Solubility Product Guide

What Is the Solubility Product?

For a sparingly soluble salt AB dissolving: AB(s) ⇌ A⁺(aq) + B⁻(aq). Ksp = [A⁺][B⁻]. If molar solubility = s mol/L, then [A⁺] = s and [B⁻] = s, so Ksp = s². For AB₂: PbCl₂ ⇌ Pb²⁺ + 2Cl⁻. [Pb²⁺] = s, [Cl⁻] = 2s. Ksp = s × (2s)² = 4s³. Large Ksp = relatively more soluble.

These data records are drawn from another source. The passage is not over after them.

(* Let $\mu>0$, $x>0$, $y>0$. For $n=0,1,2,\ldots$, if $F_\mu(x,y)>F_{\mu+n+1}(x,y)$ then $$P_{\mu}(x,y)<U_{\mu}^{(n)}(x,y)=\frac{\sum_{k=0}^n F_{\mu+k}(x,y)}{F_\mu(x,y)-F_{\mu+n+1}(x,y)}\,F_{\mu}(x,y).$$ The sequence $U_\mu^{(n)}(x,y)$ converges (to $P_\mu(x,y)$) as $n\to+\infty$.
   Context: $P_{\mu}(x,y)=x^{\frac12(1-\mu)}\int_0^{y} t^{\frac12(\mu-1)}e^{-t-x}I_{\mu-1}(2\sqrt{xt})\,dt$ for $\mu>0$, with $I_\nu$ the modified Bessel function of the first kind; $F_{\mu}(x,y)=(y/x)^{\mu/2}e^{-x-y}I_{\mu}(2\sqrt{xy})$. *)

theory Defs
  imports "HOL-Analysis.Analysis"
begin

definition besselI :: "real \<Rightarrow> real \<Rightarrow> real" where
  "besselI \<nu> z = (\<Sum>k. (z / 2) powr (2 * real k + \<nu>) / (fact k * Gamma (real k + \<nu> + 1)))"

definition marcumP :: "real \<Rightarrow> real \<Rightarrow> real \<Rightarrow> real" where
  "marcumP \<mu> x y = x powr ((1 - \<mu>) / 2) *
     integral {0..y} (\<lambda>t. t powr ((\<mu> - 1) / 2) * exp (- t - x) * besselI (\<mu> - 1) (2 * sqrt (x * t)))"

definition marcumF :: "real \<Rightarrow> real \<Rightarrow> real \<Rightarrow> real" where
  "marcumF \<mu> x y = (y / x) powr (\<mu> / 2) * exp (- x - y) * besselI \<mu> (2 * sqrt (x * y))"

definition marcumU :: "real \<Rightarrow> nat \<Rightarrow> real \<Rightarrow> real \<Rightarrow> real" where
  "marcumU \<mu> n x y = (\<Sum>k\<le>n. marcumF (\<mu> + real k) x y) /
     (marcumF \<mu> x y - marcumF (\<mu> + real n + 1) x y) * marcumF \<mu> x y"

end

theory Submission
  imports Defs
begin

text \<open>
  Let c k = F(mu + k). Writing the integrand of P(nu) as a power series in x t, the identity
  (t^nu I_nu)' = t^nu I_(nu-1) and the fundamental theorem of calculus give
  P(nu) = F(nu) + P(nu + 1); since P(nu) = O(y^nu / Gamma nu), this telescopes to P(mu) = sum_k c k.
  Comparing the Cauchy products of the series for F(nu - 1) F(nu + 1) and F(nu)^2 coefficientwise
  yields the Turan inequality F(nu - 1) F(nu + 1) < F(nu)^2: the sequence c is strictly
  log-concave. Hence the ratios c (k + 1) / c k decrease, so c (m + k) c 0 <= c m c k, strictly
  for k = 1, and summing over k gives (P(mu) - sum_(k<m) c k) c 0 < c m P(mu), which rearranges
  to P(mu) < U^(m-1). Convergence of U^(n) follows from c n --> 0.
\<close>

lemma Gamma_plus1_pos: "(z::real) > 0 \<Longrightarrow> Gamma (z + 1) = z * Gamma z"
  by (metis Gamma_plus1 nonpos_Ints_cases of_int_le_0_iff not_le order_le_less_trans)

lemma Gamma_shift_ge: "(a::real) \<ge> 0 \<Longrightarrow> Gamma (a + 1) \<le> Gamma (real k + a + 1)"
proof (induction k)
  case (Suc k)
  have "1 * Gamma (real k + a + 1) \<le> (real k + a + 1) * Gamma (real k + a + 1)"
    using Suc.prems by (intro mult_right_mono) auto
  also have "\<dots> = Gamma (real (Suc k) + a + 1)"
    using Gamma_plus1_pos[of "real k + a + 1"] Suc.prems by (simp add: add_ac)
  finally show ?case using Suc by simp
qed simp

lemma summable_power_div_Gamma:
  fixes w a :: real
  assumes "a > 0"
  shows "summable (\<lambda>n. w ^ n / Gamma (real n + a))"
proof (rule summable_ratio_test[where c="1/2" and N="nat \<lceil>2 * \<bar>w\<bar>\<rceil>"])
  fix n assume n: "n \<ge> nat \<lceil>2 * \<bar>w\<bar>\<rceil>"
  have pos: "real n + a > 0" "Gamma (real n + a) > 0" using assms by auto
  have "Gamma (real (Suc n) + a) = (real n + a) * Gamma (real n + a)"
    using Gamma_plus1_pos[OF pos(1)] by (simp add: add_ac)
  then have "norm (w ^ Suc n / Gamma (real (Suc n) + a))
      = \<bar>w\<bar> / (real n + a) * norm (w ^ n / Gamma (real n + a))"
    using pos by (simp add: abs_mult power_abs)
  also have "\<dots> \<le> 1/2 * norm (w ^ n / Gamma (real n + a))"
    using n pos assms by (intro mult_right_mono) (auto simp: field_simps)
  finally show "norm (w ^ Suc n / Gamma (real (Suc n) + a)) \<le> 1/2 * norm (w ^ n / Gamma (real n + a))" .
qed simp

definition bessel_coeff :: "real \<Rightarrow> nat \<Rightarrow> real" where
  "bessel_coeff a k = 1 / (fact k * Gamma (real k + a + 1))"

definition bessel_series :: "real \<Rightarrow> real \<Rightarrow> real" where
  "bessel_series a w = (\<Sum>k. bessel_coeff a k * w ^ k)"

definition bessel_series_deriv :: "real \<Rightarrow> real \<Rightarrow> real" where
  "bessel_series_deriv a w = (\<Sum>k. diffs (bessel_coeff a) k * w ^ k)"

lemma bessel_coeff_pos: "a > -1 \<Longrightarrow> bessel_coeff a k > 0"
  unfolding bessel_coeff_def by simp

lemma summable_bessel_coeff:
  assumes "a > -1"
  shows "summable (\<lambda>k. bessel_coeff a k * w ^ k)"
proof (rule summable_comparison_test')
  show "summable (\<lambda>k. \<bar>w\<bar> ^ k / Gamma (real k + (a + 1)))"
    using assms by (intro summable_power_div_Gamma) simp
  fix k :: nat
  have "1 * Gamma (real k + a + 1) \<le> fact k * Gamma (real k + a + 1)"
    using assms by (intro mult_right_mono) auto
  then show "norm (bessel_coeff a k * w ^ k) \<le> \<bar>w\<bar> ^ k / Gamma (real k + (a + 1))"
    using assms unfolding bessel_coeff_def
    by (auto simp: abs_mult power_abs add_ac intro!: divide_left_mono)
qed

lemma bessel_series_sums: "a > -1 \<Longrightarrow> (\<lambda>k. bessel_coeff a k * w ^ k) sums bessel_series a w"
  unfolding bessel_series_def by (intro summable_sums summable_bessel_coeff)

lemma bessel_series_pos: "a > -1 \<Longrightarrow> w \<ge> 0 \<Longrightarrow> bessel_series a w > 0"
  unfolding bessel_series_def
  by (rule suminf_pos2[where i=0])
     (auto intro: summable_bessel_coeff simp: bessel_coeff_pos less_imp_le)

lemma bessel_series_mono:
  "a > -1 \<Longrightarrow> 0 \<le> w1 \<Longrightarrow> w1 \<le> w2 \<Longrightarrow> bessel_series a w1 \<le> bessel_series a w2"
  unfolding bessel_series_def
  by (rule suminf_le)
     (auto intro!: summable_bessel_coeff mult_left_mono power_mono simp: bessel_coeff_pos less_imp_le)

lemma bessel_series_le_exp:
  assumes "a \<ge> 0" "w \<ge> 0"
  shows "bessel_series a w \<le> exp w / Gamma (a + 1)"
proof (rule sums_le[OF _ bessel_series_sums])
  show "(\<lambda>k. w ^ k /\<^sub>R fact k / Gamma (a + 1)) sums (exp w / Gamma (a + 1))"
    by (intro sums_divide exp_converges)
  fix k
  have "bessel_coeff a k * w ^ k = w ^ k / (fact k * Gamma (real k + a + 1))"
    by (simp add: bessel_coeff_def)
  also have "\<dots> \<le> w ^ k / (fact k * Gamma (a + 1))"
    using assms Gamma_shift_ge[of a k] by (intro divide_left_mono mult_left_mono mult_pos_pos) auto
  finally show "bessel_coeff a k * w ^ k \<le> w ^ k /\<^sub>R fact k / Gamma (a + 1)"
    by (simp add: divide_inverse mult_ac)
qed (use assms in simp)

lemma bessel_series_has_derivative:
  "a > -1 \<Longrightarrow> (bessel_series a has_real_derivative bessel_series_deriv a w) (at w)"
  unfolding bessel_series_def[abs_def] bessel_series_deriv_def
  by (intro termdiffs_strong_converges_everywhere summable_bessel_coeff)

lemma bessel_coeff_rec:
  assumes "\<nu> > 0"
  shows "(\<nu> + real k) * bessel_coeff \<nu> k = bessel_coeff (\<nu> - 1) k"
proof -
  have "Gamma (real k + \<nu> + 1) = (\<nu> + real k) * Gamma (real k + \<nu>)"
    using Gamma_plus1_pos[of "real k + \<nu>"] assms by (simp add: add_ac)
  moreover have "real k + (\<nu> - 1) + 1 = real k + \<nu>" by simp
  moreover have "\<nu> + real k \<noteq> 0" using assms by simp
  ultimately show ?thesis
    unfolding bessel_coeff_def by (simp add: mult.left_commute)
qed

lemma bessel_series_rec:
  assumes "\<nu> > 0"
  shows "\<nu> * bessel_series \<nu> w + w * bessel_series_deriv \<nu> w = bessel_series (\<nu> - 1) w"
proof -
  define d where "d k = real k * bessel_coeff \<nu> k * w ^ k" for k
  have "(\<lambda>k. w * (diffs (bessel_coeff \<nu>) k * w ^ k)) sums (w * bessel_series_deriv \<nu> w)"
    unfolding bessel_series_deriv_def using assms
    by (intro sums_mult summable_sums termdiff_converges_all summable_bessel_coeff) simp
  moreover have "(\<lambda>k. w * (diffs (bessel_coeff \<nu>) k * w ^ k)) = (\<lambda>k. d (Suc k))"
    by (auto simp: d_def diffs_def algebra_simps)
  ultimately have "(\<lambda>k. d (Suc k)) sums (w * bessel_series_deriv \<nu> w)" by simp
  then have "d sums (w * bessel_series_deriv \<nu> w + d 0)"
    by (rule sums_Suc_iff[THEN iffD1])
  then have "d sums (w * bessel_series_deriv \<nu> w)"
    by (simp add: d_def)
  then have "(\<lambda>k. \<nu> * (bessel_coeff \<nu> k * w ^ k) + d k)
      sums (\<nu> * bessel_series \<nu> w + w * bessel_series_deriv \<nu> w)"
    using assms by (intro sums_add sums_mult bessel_series_sums) simp
  moreover have "(\<lambda>k. \<nu> * (bessel_coeff \<nu> k * w ^ k) + d k) = (\<lambda>k. bessel_coeff (\<nu> - 1) k * w ^ k)"
    by (simp add: d_def algebra_simps flip: bessel_coeff_rec[OF assms])
  moreover have "(\<lambda>k. bessel_coeff (\<nu> - 1) k * w ^ k) sums bessel_series (\<nu> - 1) w"
    using assms by (intro bessel_series_sums) simp
  ultimately show ?thesis using sums_unique2 by metis
qed

lemma besselI_eq_bessel_series:
  assumes "a > -1" "w > 0"
  shows "besselI a (2 * sqrt w) = w powr (a / 2) * bessel_series a w"
proof -
  have "(2 * sqrt w / 2) powr (2 * real k + a) = w powr (a / 2) * w ^ k" for k
  proof -
    have "(2 * sqrt w / 2) powr (2 * real k + a) = (w powr (1/2)) powr (2 * real k + a)"
      using assms by (simp add: powr_half_sqrt)
    also have "\<dots> = w powr (real k + a / 2)" by (simp add: powr_powr algebra_simps)
    finally show ?thesis using assms by (simp add: powr_add powr_realpow)
  qed
  then have "besselI a (2 * sqrt w) = (\<Sum>k. w powr (a / 2) * (bessel_coeff a k * w ^ k))"
    unfolding besselI_def bessel_coeff_def by simp
  also have "\<dots> = w powr (a / 2) * bessel_series a w"
    using assms by (intro sums_unique[symmetric] sums_mult bessel_series_sums) simp
  finally show ?thesis .
qed

lemma marcumF_eq_bessel_series:
  assumes "a > -1" "x > 0" "y > 0"
  shows "marcumF a x y = exp (- x - y) * y powr a * bessel_series a (x * y)"
proof -
  have "(y / x) powr (a / 2) * (x * y) powr (a / 2) = (y * y) powr (a / 2)"
    using assms by (simp flip: powr_mult)
  also have "\<dots> = y powr a"
    using assms by (simp add: powr_mult flip: powr_add)
  finally show ?thesis
    unfolding marcumF_def using assms by (simp add: besselI_eq_bessel_series mult_ac)
qed

lemma marcumF_pos: "a > -1 \<Longrightarrow> x > 0 \<Longrightarrow> y > 0 \<Longrightarrow> marcumF a x y > 0"
  using marcumF_eq_bessel_series[of a x y] bessel_series_pos[of a "x * y"] by simp

text \<open>marcum_kernel x (nu - 1) is the integrand of P(nu), and marcum_kernel x nu y = F(nu).\<close>

definition marcum_kernel :: "real \<Rightarrow> real \<Rightarrow> real \<Rightarrow> real" where
  "marcum_kernel x a t = exp (- x - t) * t powr a * bessel_series a (x * t)"

lemma marcum_kernel_nonneg: "a > -1 \<Longrightarrow> x \<ge> 0 \<Longrightarrow> t \<ge> 0 \<Longrightarrow> marcum_kernel x a t \<ge> 0"
  unfolding marcum_kernel_def using bessel_series_pos[of a "x * t"] by simp

lemma marcum_kernel_has_derivative:
  assumes "\<nu> > 0" "t > 0"
  shows "(marcum_kernel x \<nu> has_real_derivative marcum_kernel x (\<nu> - 1) t - marcum_kernel x \<nu> t) (at t)"
proof -
  have "((\<lambda>t. bessel_series \<nu> (x * t)) has_real_derivative bessel_series_deriv \<nu> (x * t) * x) (at t)"
    using assms by (intro DERIV_chain2[OF bessel_series_has_derivative] derivative_eq_intros) auto
  then have "(marcum_kernel x \<nu> has_real_derivative
      exp (- x - t) * t powr \<nu> * (bessel_series_deriv \<nu> (x * t) * x) +
      (exp (- x - t) * (\<nu> * t powr (\<nu> - 1)) - exp (- x - t) * t powr \<nu>) * bessel_series \<nu> (x * t)) (at t)"
    unfolding marcum_kernel_def[abs_def] using assms
    by (auto intro!: derivative_eq_intros)
  moreover have "t powr \<nu> = t * t powr (\<nu> - 1)"
    using powr_mult_base[of t "\<nu> - 1"] assms by simp
  moreover note bessel_series_rec[OF assms(1), of "x * t", symmetric]
  ultimately show ?thesis
    unfolding marcum_kernel_def by (simp add: algebra_simps)
qed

Ksp only applies to saturated solutions of sparingly soluble salts — it does not apply to freely soluble salts like NaCl.

Common Ksp Values

Very sparingly soluble (Ksp < 10⁻¹⁵): AgI (8.5×10⁻¹⁷), PbS (3.0×10⁻²⁸), BaSO₄ (1.1×10⁻¹⁰). Sparingly soluble (Ksp 10⁻⁸ to 10⁻¹²): AgCl (1.8×10⁻¹⁰), Ag₂CrO₄ (1.1×10⁻¹²), CaF₂ (3.9×10⁻¹¹). Slightly soluble (Ksp 10⁻⁴ to 10⁻⁸): PbCl₂ (1.6×10⁻⁵), CaSO₄ (4.9×10⁻⁵). Applications: Ksp controls the precipitation of sparingly soluble salts in qualitative analysis and water treatment.

The Common Ion Effect

Adding a common ion reduces solubility — Le Chatelier's principle. If AgCl is dissolved in 0.1 mol/L NaCl instead of pure water: [Cl⁻] = 0.1 + s ≈ 0.1 (s is tiny). Ksp = [Ag⁺] × 0.1 = 1.8×10⁻¹⁰. [Ag⁺] = 1.8×10⁻⁹ mol/L (compared to 1.34×10⁻⁵ mol/L in pure water). The common ion suppresses solubility by a factor of approximately 7,000 in this example. Applications: water softening adds calcium hydroxide to precipitate calcium carbonate; qualitative analysis exploits the common ion effect.

Will Precipitation Occur?

Compare the ion product Q to Ksp: Q = [A⁺]initial × [B⁻]initial. If Q > Ksp: solution is supersaturated — precipitation will occur until Q = Ksp. If Q = Ksp: solution is exactly saturated — at equilibrium. If Q < Ksp: solution is unsaturated — no precipitation, dissolving can continue. Example: mix 50 mL of 2×10⁻⁴ mol/L AgNO₃ with 50 mL of 2×10⁻⁴ mol/L NaCl. After mixing (both halved): [Ag⁺] = [Cl⁻] = 10⁻⁴. Q = 10⁻⁸. Ksp(AgCl) = 1.8×10⁻¹⁰. Q > Ksp → precipitation occurs.